Collected data:
(* The one-dimensional profile pStVK(., y) is x^2 on [-y, y] and continues for |x| > y by the
   branch y * sqrt (6 (2y/3 - |x|)^2 + y^2/3), which agrees with x^2 to second order at +-y and grows
   only linearly.  Hence the profile is C^2, its first derivative is O(y), its second derivative is
   bounded, even after multiplication by x, and it is Lipschitz on bounded sets.  The trace term of
   pbar composes the profile with tr E = (|F|^2 - 3)/2; the norm term is rewritten as a profile of
   u = |E|^2, a polynomial in F, so no kink appears at E = 0.  Using |F|^2 = 2 tr E + 3 <= 4 |E| + 3,
   the Hessian of pbar is bounded by mu (42 y + 33) + lam/2 (9 z + 6), where y = sqrt (L2/mu) and
   z = sqrt (2 L2/lam); by AM-GM this is at most linear in L2.  The bound is a Lipschitz constant of
   the gradient, which in turn makes pbar + L/2 |F|^2 convex.  Finally pbar <= L2 forces both
   arguments of the profile into its quadratic range, where pbar is the StVK energy. *)

section \<open>Gluing derivatives, and convexity from a Lipschitz gradient\<close>

lemma has_real_derivative_glue:
  fixes g h g' h' :: "real \<Rightarrow> real"
  assumes g: "\<And>x. x \<le> a \<Longrightarrow> (g has_real_derivative g' x) (at x)"
    and h: "\<And>x. a \<le> x \<Longrightarrow> (h has_real_derivative h' x) (at x)"
    and "g a = h a" and "g' a = h' a"
  shows "((\<lambda>x. if x \<le> a then g x else h x) has_real_derivative (if x \<le> a then g' x else h' x)) (at x)"
proof -
  have "((\<lambda>x. if x \<in> {..a} then g x else h x) has_vector_derivative
          (if x \<in> {..a} then g' x else h' x)) (at x within UNIV)"
  proof (rule has_vector_derivative_If_within_closures[where T = "{a<..}"])
    show "x \<in> {..a} \<union> {a<..}" "UNIV = {..a} \<union> {a<..}" by auto
    show "(g has_vector_derivative g' x) (at x within {..a} \<union> (closure {..a} \<inter> closure {a<..}))"
      if "x \<in> {..a} \<union> (closure {..a} \<inter> closure {a<..})"
      using that g[of x] has_field_derivative_at_within
      by (auto simp: has_real_derivative_iff_has_vector_derivative[symmetric])
    show "(h has_vector_derivative h' x) (at x within {a<..} \<union> (closure {..a} \<inter> closure {a<..}))"
      if "x \<in> {a<..} \<union> (closure {..a} \<inter> closure {a<..})"
      using that h[of x] has_field_derivative_at_within
      by (auto simp: has_real_derivative_iff_has_vector_derivative[symmetric])
  qed (use assms in auto)
  then show ?thesis
    by (simp add: has_real_derivative_iff_has_vector_derivative)
qed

_WORK INSTRUCTION_
Transcribe every record verbatim.

_EXERCISE OUTPUT_
(* The one-dimensional profile pStVK(., y) is x^2 on [-y, y] and continues for |x| > y by the
   branch y * sqrt (6 (2y/3 - |x|)^2 + y^2/3), which agrees with x^2 to second order at +-y and grows
   only linearly.  Hence the profile is C^2, its first derivative is O(y), its second derivative is
   bounded, even after multiplication by x, and it is Lipschitz on bounded sets.  The trace term of
   pbar composes the profile with tr E = (|F|^2 - 3)/2; the norm term is rewritten as a profile of
   u = |E|^2, a polynomial in F, so no kink appears at E = 0.  Using |F|^2 = 2 tr E + 3 <= 4 |E| + 3,
   the Hessian of pbar is bounded by mu (42 y + 33) + lam/2 (9 z + 6), where y = sqrt (L2/mu) and
   z = sqrt (2 L2/lam); by AM-GM this is at most linear in L2.  The bound is a Lipschitz constant of
   the gradient, which in turn makes pbar + L/2 |F|^2 convex.  Finally pbar <= L2 forces both
   arguments of the profile into its quadratic range, where pbar is the StVK energy. *)

section \<open>Gluing derivatives, and convexity from a Lipschitz gradient\<close>

lemma has_real_derivative_glue:
  fixes g h g' h' :: "real \<Rightarrow> real"
  assumes g: "\<And>x. x \<le> a \<Longrightarrow> (g has_real_derivative g' x) (at x)"
    and h: "\<And>x. a \<le> x \<Longrightarrow> (h has_real_derivative h' x) (at x)"
    and "g a = h a" and "g' a = h' a"
  shows "((\<lambda>x. if x \<le> a then g x else h x) has_real_derivative (if x \<le> a then g' x else h' x)) (at x)"
proof -
  have "((\<lambda>x. if x \<in> {..a} then g x else h x) has_vector_derivative
          (if x \<in> {..a} then g' x else h' x)) (at x within UNIV)"
  proof (rule has_vector_derivative_If_within_closures[where T = "{a<..}"])
    show "x \<in> {..a} \<union> {a<..}" "UNIV = {..a} \<union> {a<..}" by auto
    show "(g has_vector_derivative g' x) (at x within {..a} \<union> (closure {..a} \<inter> closure {a<..}))"
      if "x \<in> {..a} \<union> (closure {..a} \<inter> closure {a<..})"
      using that g[of x] has_field_derivative_at_within
      by (auto simp: has_real_derivative_iff_has_vector_derivative[symmetric])
    show "(h has_vector_derivative h' x) (at x within {a<..} \<union> (closure {..a} \<inter> closure {a<..}))"
      if "x \<in> {a<..} \<union> (closure {..a} \<inter> closure {a<..})"
      using that h[of x] has_field_derivative_at_within
      by (auto simp: has_real_derivative_iff_has_vector_derivative[symmetric])
  qed (use assms in auto)
  then show ?thesis
    by (simp add: has_real_derivative_iff_has_vector_derivative)
qed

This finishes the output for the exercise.